• **DIRECTIONS FOR THIS TASK**: Report back every line from the entries below in which the word "that" occurs.

• **DATA IN THIS EXERCISE**:

lemma mobius_uncertaintyI:
  assumes "\<And>F. F \<subseteq> P \<Longrightarrow> finite F \<Longrightarrow> F \<noteq> {} \<Longrightarrow> \<exists>m\<in>F. infinite (isolating_points P le F m)"
  shows "mobius_uncertainty P le"
  unfolding mobius_uncertainty_def
proof (intro allI impI)
  fix f g :: "'a \<Rightarrow> complex"
  assume "(\<exists>x\<in>P. f x \<noteq> 0) \<and> (\<exists>x\<in>P. g x \<noteq> 0) \<and> (\<forall>z\<in>P. g z = (\<Sum>x\<in>{x\<in>P. le x z}. f x))"
  then have supp_nonempty: "{x\<in>P. f x \<noteq> 0} \<noteq> {}"
    and g_eq: "\<And>z. z \<in> P \<Longrightarrow> g z = (\<Sum>x\<in>{x\<in>P. le x z}. f x)" by auto
  define F where "F = {x\<in>P. f x \<noteq> 0}"
  show "infinite F \<or> infinite {z\<in>P. g z \<noteq> 0}"
  proof (cases "finite F")
    case True
    have "F \<subseteq> P" "F \<noteq> {}" using supp_nonempty by (auto simp: F_def)
    then obtain m where "m \<in> F" and infinite_isolating: "infinite (isolating_points P le F m)"
      using assms[OF _ True] by blast
    have "isolating_points P le F m \<subseteq> {z\<in>P. g z \<noteq> 0}"
    proof
      fix z assume "z \<in> isolating_points P le F m"
      then have "z \<in> P" and "finite {x\<in>P. le x z}" and "{x\<in>F. le x z} = {m}"
        unfolding isolating_points_def by auto
      then have "g z = (\<Sum>x\<in>{m}. f x)"
        unfolding g_eq[OF \<open>z \<in> P\<close>] by (intro sum.mono_neutral_right) (auto simp: F_def)
      with \<open>m \<in> F\<close> \<open>z \<in> P\<close> show "z \<in> {z\<in>P. g z \<noteq> 0}" by (simp add: F_def)
    qed
    then have "infinite {z\<in>P. g z \<noteq> 0}" using infinite_isolating by (rule infinite_super)
    then show ?thesis ..
  qed simp
qed

lemma infinite_isolating_pointsI:
  fixes h :: "nat \<Rightarrow> 'a"
  assumes "inj h" and "\<And>k. h k \<in> P" and "\<And>k. finite {x\<in>P. le x (h k)}"
    and "m \<in> F" and "\<And>k. le m (h k)"
    and "\<And>x k. x \<in> F \<Longrightarrow> le x (h k) \<Longrightarrow> le x m"
    and "\<And>x. x \<in> F \<Longrightarrow> le x m \<Longrightarrow> x = m"
  shows "infinite (isolating_points P le F m)"
proof -
  have "h k \<in> isolating_points P le F m" for k
  proof -
    have "{x\<in>F. le x (h k)} = {m}" using assms(4-) by blast
    then show ?thesis using assms(2,3) by (simp add: isolating_points_def)
  qed
  then have "range h \<subseteq> isolating_points P le F m" by blast
  then show ?thesis using range_inj_infinite[OF \<open>inj h\<close>] by (rule infinite_super)
qed

lemma mobius_uncertainty_dvd: "mobius_uncertainty {n::nat. n > 0} (dvd)"
proof (rule mobius_uncertaintyI)
  fix F assume F: "F \<subseteq> {n::nat. n > 0}" "finite F" "F \<noteq> {}"
  define m where "m = Min F"
  have "m \<in> F" and "m > 0" using F by (auto simp: m_def)
  define M where "M = \<Prod>F"
  have "M > 0" using F by (auto simp: M_def intro: prod_pos)
  define h where "h k = m * (k * M + 1)" for k
  have "infinite (isolating_points {n. n > 0} (dvd) F m)"
  proof (rule infinite_isolating_pointsI[where h = h])
    show "inj h" using \<open>m > 0\<close> \<open>M > 0\<close> by (auto simp: inj_def h_def)
    show "h k \<in> {n. n > 0}" for k using \<open>m > 0\<close> by (simp add: h_def)
    then have "{x\<in>{n. n > 0}. x dvd h k} \<subseteq> {..h k}" for k by (auto intro: dvd_imp_le)
    then show "finite {x\<in>{n. n > 0}. x dvd h k}" for k by (rule finite_subset) simp
    show "m \<in> F" "m dvd h k" for k by (simp_all add: \<open>m \<in> F\<close> h_def)
  next
    fix x k assume "x \<in> F" "x dvd h k"
    have "x dvd M" using \<open>x \<in> F\<close> F(2) unfolding M_def by auto
    then have "coprime x (k * M + 1)"
      by (meson coprime_add_one_right coprime_divisors dvd_mult dvd_refl)
    then show "x dvd m" using \<open>x dvd h k\<close> by (metis coprime_dvd_mult_left_iff h_def)
  next
    fix x assume "x \<in> F" "x dvd m"
    then have "x \<le> m" using \<open>m > 0\<close> by (simp add: dvd_imp_le)
    moreover have "m \<le> x" using \<open>x \<in> F\<close> F(2) by (simp add: m_def)
    ultimately show "x = m" by simp
  qed
  with \<open>m \<in> F\<close> show "\<exists>m\<in>F. infinite (isolating_points {n. n > 0} (dvd) F m)" by blast
qed

lemma mobius_uncertainty_finite_subsets:
  "mobius_uncertainty {A :: nat set. finite A \<and> A \<subseteq> {0<..}} (\<subseteq>)"
proof (rule mobius_uncertaintyI)
  fix F assume F: "F \<subseteq> {A :: nat set. finite A \<and> A \<subseteq> {0<..}}" "finite F" "F \<noteq> {}"
  obtain m where "m \<in> F" and m_minimal: "\<And>x. x \<in> F \<Longrightarrow> x \<subseteq> m \<Longrightarrow> m = x"
    using finite_has_minimal[OF F(2,3)] by blast
  have "finite m" "m \<subseteq> {0<..}" using \<open>m \<in> F\<close> F(1) by auto
  have "finite (\<Union>F)" using F(1,2) by (auto intro: finite_Union)
  then obtain B where B: "\<forall>n\<in>\<Union>F. n < B" unfolding finite_nat_set_iff_bounded by blast
  have fresh: "Suc (B + k) \<notin> x" if "x \<in> F" for x k
  proof
    assume "Suc (B + k) \<in> x"
    then have "Suc (B + k) \<in> \<Union>F" using that by blast
    then show False using B by fastforce
  qed
  define h where "h k = insert (Suc (B + k)) m" for k
  have "infinite (isolating_points {A. finite A \<and> A \<subseteq> {0<..}} (\<subseteq>) F m)"
  proof (rule infinite_isolating_pointsI[where h = h])
    show "inj h"
    proof (rule injI)
      fix a b assume "h a = h b"
      have "Suc (B + a) \<in> h a" by (simp add: h_def)
      then have "Suc (B + a) \<in> h b" using \<open>h a = h b\<close> by simp
      then show "a = b" using fresh[OF \<open>m \<in> F\<close>, of a] by (simp add: h_def)
    qed
    show "h k \<in> {A. finite A \<and> A \<subseteq> {0<..}}" for k
      using \<open>finite m\<close> \<open>m \<subseteq> {0<..}\<close> by (simp add: h_def)
    have "{x\<in>{A. finite A \<and> A \<subseteq> {0<..}}. x \<subseteq> h k} \<subseteq> Pow (h k)" for k by blast
    then show "finite {x\<in>{A. finite A \<and> A \<subseteq> {0<..}}. x \<subseteq> h k}" for k
      by (rule finite_subset) (simp add: h_def \<open>finite m\<close>)
    show "m \<in> F" by fact
    show "m \<subseteq> h k" for k by (auto simp: h_def)
    show "x \<subseteq> m" if "x \<in> F" "x \<subseteq> h k" for x k
      using that fresh by (auto simp: h_def)
    show "x = m" if "x \<in> F" "x \<subseteq> m" for x
      using that m_minimal by blast
  qed
  with \<open>m \<in> F\<close> show "\<exists>m\<in>F. infinite (isolating_points {A. finite A \<and> A \<subseteq> {0<..}} (\<subseteq>) F m)"
    by blast
qed

definition unit_seq :: "nat \<Rightarrow> nat \<Rightarrow> 'a::zero_neq_one" where
  "unit_seq n i = (if i = n then 1 else 0)"

lemma unit_seq_in_finsupp_seqs: "unit_seq n \<in> finsupp_seqs"
proof -
  have "{i. unit_seq n i \<noteq> (0::'a)} = {n}" by (auto simp: unit_seq_def)
  then show ?thesis unfolding finsupp_seqs_def by simp
qed

lemma seq_span_vanishing:
  assumes "\<And>v. v \<in> S \<Longrightarrow> v j = 0" and "u \<in> seq_span S"
  shows "u j = 0"
  using assms unfolding seq_span_def by (auto intro: sum.neutral)

lemma seq_span_superset:
  assumes "finite S"
  shows "S \<subseteq> seq_span S"
proof
  fix v assume "v \<in> S"
  have "v = (\<lambda>i. \<Sum>w\<in>S. of_bool (w = v) * w i)"
    using assms \<open>v \<in> S\<close> by (simp add: if_distrib cong: if_cong)
  then have "\<exists>c. v = (\<lambda>i. \<Sum>w\<in>S. c w * w i)" by (rule exI[where x = "\<lambda>w. of_bool (w = v)"])
  then show "v \<in> seq_span S" by (simp add: seq_span_def)
qed

lemma seq_span_insert:
  assumes "finite S" and "e \<notin> S"
  shows "seq_span (insert e S) = {\<lambda>i. w i + a * e i |w a. w \<in> seq_span S}"
proof (intro equalityI subsetI)
  fix v assume "v \<in> seq_span (insert e S)"
  then obtain c where "v = (\<lambda>i. \<Sum>u\<in>insert e S. c u * u i)"
    unfolding seq_span_def by blast
  define w where "w = (\<lambda>i. \<Sum>u\<in>S. c u * u i)"
  have "v = (\<lambda>i. w i + c e * e i)"
    using \<open>v = _\<close> assms by (simp add: w_def add.commute)
  moreover have "w \<in> seq_span S" unfolding seq_span_def w_def by blast
  ultimately show "v \<in> {\<lambda>i. w i + a * e i |w a. w \<in> seq_span S}" by blast
next
  fix v assume "v \<in> {\<lambda>i. w i + a * e i |w a. w \<in> seq_span S}"
  then obtain c a where "v = (\<lambda>i. (\<Sum>u\<in>S. c u * u i) + a * e i)"
    unfolding seq_span_def by blast
  also have "\<dots> = (\<lambda>i. \<Sum>u\<in>insert e S. (c(e := a)) u * u i)"
  proof -
    have "(\<Sum>u\<in>S. (c(e := a)) u * u i) = (\<Sum>u\<in>S. c u * u i)" for i
      using assms(2) by (intro sum.cong) auto
    then show ?thesis using assms by (simp add: add.commute)
  qed
  finally show "v \<in> seq_span (insert e S)" unfolding seq_span_def by blast
qed

lemma seq_span_subset_insert:
  assumes "finite S"
  shows "seq_span S \<subseteq> seq_span (insert e S)"
proof (cases "e \<in> S")
  case False
  show ?thesis
  proof
    fix w assume "w \<in> seq_span S"
    moreover have "w = (\<lambda>i. w i + 0 * e i)" by simp
    ultimately show "w \<in> seq_span (insert e S)"
      unfolding seq_span_insert[OF assms False] by blast
  qed
qed (simp add: insert_absorb)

• **COMPLETED TASK**:
    then have "Suc (B + k) \<in> \<Union>F" using that by blast
      using that fresh by (auto simp: h_def)
      using that m_minimal by blast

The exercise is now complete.